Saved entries

(* Let $R$ be a commutative ring. An $n\times n$ matrix $X$ over $R$ satisfies $XA=AX^T$ for every $n\times n$ reverse circulant matrix $A$ over $R$ if and only if $X$ is a circulant matrix.
   Context: An $n\times n$ matrix $(a_{ij})$ is circulant if $a_{ij}$ depends only on $(j-i)\bmod n$, and reverse circulant if $a_{ij}$ depends only on $(i+j)\bmod n$. *)

theory Defs
  imports Main
begin

text \<open>n x n matrices over a commutative ring are represented as functions
  nat \<Rightarrow> nat \<Rightarrow> 'a, only the entries with indices in {0..<n} being relevant.\<close>

definition circulant :: "nat \<Rightarrow> (nat \<Rightarrow> nat \<Rightarrow> 'a) \<Rightarrow> bool" where
  "circulant n A \<longleftrightarrow>
     (\<forall>i<n. \<forall>j<n. \<forall>k<n. \<forall>l<n.
        (int j - int i) mod int n = (int l - int k) mod int n \<longrightarrow> A i j = A k l)"

definition reverse_circulant :: "nat \<Rightarrow> (nat \<Rightarrow> nat \<Rightarrow> 'a) \<Rightarrow> bool" where
  "reverse_circulant n A \<longleftrightarrow>
     (\<forall>i<n. \<forall>j<n. \<forall>k<n. \<forall>l<n.
        (i + j) mod n = (k + l) mod n \<longrightarrow> A i j = A k l)"

definition mat_mult :: "nat \<Rightarrow> (nat \<Rightarrow> nat \<Rightarrow> 'a::comm_ring_1) \<Rightarrow> (nat \<Rightarrow> nat \<Rightarrow> 'a) \<Rightarrow> nat \<Rightarrow> nat \<Rightarrow> 'a" where
  "mat_mult n A B = (\<lambda>i j. \<Sum>k<n. A i k * B k j)"

definition mat_transpose :: "(nat \<Rightarrow> nat \<Rightarrow> 'a) \<Rightarrow> nat \<Rightarrow> nat \<Rightarrow> 'a" where
  "mat_transpose A = (\<lambda>i j. A j i)"

end

theory Submission
  imports Defs
begin

(* With indices read mod n, a circulant X has X i j = c (j - i) and a reverse circulant A has
   A i j = a (i + j), so (X A) i j = \<Sum>k. c (k - i) a (k + j) and
   (A X^T) i j = \<Sum>k. a (i + k) c (k - j); the rotation k \<mapsto> k + j - i of Z/n turns the
   second sum into the first. Conversely, testing the identity against the 0/1 reverse circulant
   with ones exactly where i + j = m (mod n) and reading off column 0 gives X i m = X 0 (m - i),
   so X is circulant. *)

lemma int_mod_add_diff:
  assumes "i \<le> n"
  shows "int ((j + (n - i)) mod n) = (int j - int i) mod int n"
proof -
  have "int ((j + (n - i)) mod n) = ((int j - int i) + int n) mod int n"
    using assms by (simp add: zmod_int of_nat_diff algebra_simps)
  then show ?thesis by simp
qed

lemma add_mod_eq_iff:
  fixes j k m n :: nat
  assumes "k < n" "j < n" "m < n"
  shows "(k + j) mod n = m \<longleftrightarrow> k = (m + (n - j)) mod n"
proof
  assume "(k + j) mod n = m"
  have "k = (k + j + (n - j)) mod n" using assms by simp
  also have "\<dots> = ((k + j) mod n + (n - j)) mod n" by (simp add: mod_add_left_eq)
  finally show "k = (m + (n - j)) mod n" using \<open>(k + j) mod n = m\<close> by simp
next
  assume "k = (m + (n - j)) mod n"
  then have "(k + j) mod n = (m + (n - j) + j) mod n" by (simp add: mod_add_left_eq)
  also have "\<dots> = m" using assms by simp
  finally show "(k + j) mod n = m" .
qed

lemma sum_lessThan_rotate:
  fixes n s :: nat
  shows "(\<Sum>k<n. f ((k + s) mod n)) = (\<Sum>k<n. f k)"
proof -
  let ?rot = "\<lambda>k. (k + s) mod n"
  have inj: "inj_on ?rot {..<n}"
  proof (rule inj_onI)
    fix a b assume "a \<in> {..<n}" "b \<in> {..<n}" and eq: "?rot a = ?rot b"
    then have "a < n" "b < n" by auto
    moreover have "s mod n < n" using \<open>a < n\<close> by simp
    moreover have "(a + s mod n) mod n = ?rot a" "(b + s mod n) mod n = ?rot a"
      using eq by (simp_all add: mod_add_right_eq)
    moreover have "?rot a < n" using \<open>a < n\<close> by simp
    ultimately show "a = b" by (metis add_mod_eq_iff)
  qed
  have "?rot ` {..<n} = {..<n}"
  proof (cases "n = 0")
    case False
    then show ?thesis by (intro endo_inj_surj inj) auto
  qed simp
  then show ?thesis
    using sum.reindex[OF inj, of f] by (simp add: comp_def)
qed

lemma circulant_iff_first_row:
  "circulant n X \<longleftrightarrow> (\<forall>i<n. \<forall>j<n. X i j = X 0 ((j + (n - i)) mod n))"
proof (intro iffI allI impI)
  fix i j assume X: "circulant n X" and "i < n" "j < n"
  let ?l = "(j + (n - i)) mod n"
  have "int ?l = (int j - int i) mod int n"
    using \<open>i < n\<close> by (intro int_mod_add_diff) simp
  then have "?l < n" "(int j - int i) mod int n = (int ?l - int 0) mod int n"
    using \<open>i < n\<close> by simp_all
  with X \<open>i < n\<close> \<open>j < n\<close> show "X i j = X 0 ?l"
    unfolding circulant_def by blast
next
  assume first_row: "\<forall>i<n. \<forall>j<n. X i j = X 0 ((j + (n - i)) mod n)"
  show "circulant n X"
    unfolding circulant_def
  proof (intro allI impI)
    fix i j k l assume "i < n" "j < n" "k < n" "l < n"
      and "(int j - int i) mod int n = (int l - int k) mod int n"
    have "int ((j + (n - i)) mod n) = (int j - int i) mod int n"
      using \<open>i < n\<close> by (intro int_mod_add_diff) simp
    also have "\<dots> = (int l - int k) mod int n" by fact
    also have "\<dots> = int ((l + (n - k)) mod n)"
      using \<open>k < n\<close> by (intro int_mod_add_diff[symmetric]) simp
    finally have "(j + (n - i)) mod n = (l + (n - k)) mod n" by (simp only: of_nat_eq_iff)
    with first_row \<open>i < n\<close> \<open>j < n\<close> \<open>k < n\<close> \<open>l < n\<close> show "X i j = X k l" by metis
  qed
qed

lemma reverse_circulant_iff_first_row:
  "reverse_circulant n A \<longleftrightarrow> (\<forall>i<n. \<forall>j<n. A i j = A 0 ((i + j) mod n))"
proof (intro iffI allI impI)
  fix i j assume "reverse_circulant n A" "i < n" "j < n"
  moreover have "0 < n" "(i + j) mod n < n" "(i + j) mod n = (0 + (i + j) mod n) mod n"
    using \<open>i < n\<close> by simp_all
  ultimately show "A i j = A 0 ((i + j) mod n)"
    unfolding reverse_circulant_def by blast
next
  assume "\<forall>i<n. \<forall>j<n. A i j = A 0 ((i + j) mod n)"
  then show "reverse_circulant n A"
    unfolding reverse_circulant_def by metis
qed

definition reverse_circulant_basis :: "nat \<Rightarrow> nat \<Rightarrow> nat \<Rightarrow> nat \<Rightarrow> 'a::zero_neq_one" where
  "reverse_circulant_basis n m = (\<lambda>i j. if (i + j) mod n = m then 1 else 0)"

lemma reverse_circulant_basis_is_reverse_circulant:
  "reverse_circulant n (reverse_circulant_basis n m)"
  by (simp add: reverse_circulant_def reverse_circulant_basis_def)

lemma mat_mult_reverse_circulant_basis:
  assumes "j < n" "m < n"
  shows "mat_mult n X (reverse_circulant_basis n m) i j = X i ((m + (n - j)) mod n)"
proof -
  have "mat_mult n X (reverse_circulant_basis n m) i j
      = (\<Sum>k<n. if k = (m + (n - j)) mod n then X i k else 0)"
    unfolding mat_mult_def reverse_circulant_basis_def using assms
    by (intro sum.cong) (auto simp: add_mod_eq_iff)
  then show ?thesis using assms by simp
qed

lemma mat_mult_reverse_circulant_basis_transpose:
  assumes "i < n" "m < n"
  shows "mat_mult n (reverse_circulant_basis n m) (mat_transpose X) i j
    = X j ((m + (n - i)) mod n)"
proof -
  have "mat_mult n (reverse_circulant_basis n m) (mat_transpose X) i j
      = (\<Sum>k<n. if k = (m + (n - i)) mod n then X j k else 0)"
    unfolding mat_mult_def mat_transpose_def reverse_circulant_basis_def using assms
    by (intro sum.cong) (auto simp: add_mod_eq_iff add.commute[of i])
  then show ?thesis using assms by simp
qed

lemma sum_diff_add_mod_rotate:
  fixes a c :: "nat \<Rightarrow> 'a::comm_semiring_0"
  assumes "i < n" "j < n"
  shows "(\<Sum>k<n. c ((k + (n - i)) mod n) * a ((k + j) mod n))
       = (\<Sum>k<n. a ((i + k) mod n) * c ((k + (n - j)) mod n))"
    (is "_ = (\<Sum>k<n. ?f k)")
proof -
  have "(\<Sum>k<n. c ((k + (n - i)) mod n) * a ((k + j) mod n))
      = (\<Sum>k<n. ?f ((k + (j + (n - i))) mod n))"
  proof (rule sum.cong)
    fix k
    have "(i + (k + (j + (n - i))) mod n) mod n = (i + (k + (j + (n - i)))) mod n"
      by (rule mod_add_right_eq)
    also have "i + (k + (j + (n - i))) = k + j + n"
      using \<open>i < n\<close> by simp
    finally have a_arg: "(i + (k + (j + (n - i))) mod n) mod n = (k + j) mod n"
      by simp
    have "((k + (j + (n - i))) mod n + (n - j)) mod n = (k + (j + (n - i)) + (n - j)) mod n"
      by (rule mod_add_left_eq)
    also have "k + (j + (n - i)) + (n - j) = k + (n - i) + n"
      using \<open>j < n\<close> by simp
    finally have c_arg: "((k + (j + (n - i))) mod n + (n - j)) mod n = (k + (n - i)) mod n"
      by simp
    show "c ((k + (n - i)) mod n) * a ((k + j) mod n) = ?f ((k + (j + (n - i))) mod n)"
      by (simp only: a_arg c_arg mult.commute)
  qed simp
  also have "\<dots> = (\<Sum>k<n. ?f k)"
    by (rule sum_lessThan_rotate)
  finally show ?thesis .
qed

lemma mat_mult_circulant_reverse_circulant:
  fixes X A :: "nat \<Rightarrow> nat \<Rightarrow> 'a::comm_ring_1"
  assumes X: "circulant n X" and A: "reverse_circulant n A" and "i < n" "j < n"
  shows "mat_mult n X A i j = mat_mult n A (mat_transpose X) i j"
proof -
  define c where "c = X 0"
  define a where "a = A 0"
  have Xc: "X p q = c ((q + (n - p)) mod n)" if "p < n" "q < n" for p q
    using X that unfolding c_def circulant_iff_first_row by blast
  have Aa: "A p q = a ((p + q) mod n)" if "p < n" "q < n" for p q
    using A that unfolding a_def reverse_circulant_iff_first_row by blast
  have "mat_mult n X A i j = (\<Sum>k<n. c ((k + (n - i)) mod n) * a ((k + j) mod n))"
    unfolding mat_mult_def using \<open>i < n\<close> \<open>j < n\<close> by (intro sum.cong) (simp_all add: Xc Aa)
  also have "\<dots> = (\<Sum>k<n. a ((i + k) mod n) * c ((k + (n - j)) mod n))"
    using \<open>i < n\<close> \<open>j < n\<close> by (rule sum_diff_add_mod_rotate)
  also have "\<dots> = mat_mult n A (mat_transpose X) i j"
    unfolding mat_mult_def mat_transpose_def using \<open>i < n\<close> \<open>j < n\<close>
    by (intro sum.cong) (simp_all add: Xc Aa)
  finally show ?thesis .
qed

theorem mainTheorem5:
  fixes n :: nat and X :: "nat \<Rightarrow> nat \<Rightarrow> 'a::comm_ring_1"
  shows "(\<forall>A :: nat \<Rightarrow> nat \<Rightarrow> 'a. reverse_circulant n A \<longrightarrow>
            (\<forall>i<n. \<forall>j<n. mat_mult n X A i j = mat_mult n A (mat_transpose X) i j))
         \<longleftrightarrow> circulant n X"
proof
  assume commutes: "\<forall>A :: nat \<Rightarrow> nat \<Rightarrow> 'a. reverse_circulant n A \<longrightarrow>
            (\<forall>i<n. \<forall>j<n. mat_mult n X A i j = mat_mult n A (mat_transpose X) i j)"
  have "X i m = X 0 ((m + (n - i)) mod n)" if "i < n" "m < n" for i m
  proof -
    let ?E = "reverse_circulant_basis n m"
    have "mat_mult n X ?E i 0 = mat_mult n ?E (mat_transpose X) i 0"
      using commutes reverse_circulant_basis_is_reverse_circulant that by fastforce
    then show ?thesis
      using that
      by (simp add: mat_mult_reverse_circulant_basis mat_mult_reverse_circulant_basis_transpose)
  qed
  then show "circulant n X"
    unfolding circulant_iff_first_row by blast
qed (use mat_mult_circulant_reverse_circulant in blast)

end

__WHAT THE EXERCISE ASKS__:
For every line in the data above that holds "dots", return the line itself.

__SOLUTION TO THIS EXERCISE__:
  also have "\<dots> = ((k + j) mod n + (n - j)) mod n" by (simp add: mod_add_left_eq)
  also have "\<dots> = m" using assms by simp
    also have "\<dots> = (int l - int k) mod int n" by fact
    also have "\<dots> = int ((l + (n - k)) mod n)"
  also have "\<dots> = (\<Sum>k<n. ?f k)"
  also have "\<dots> = (\<Sum>k<n. a ((i + k) mod n) * c ((k + (n - j)) mod n))"
  also have "\<dots> = mat_mult n A (mat_transpose X) i j"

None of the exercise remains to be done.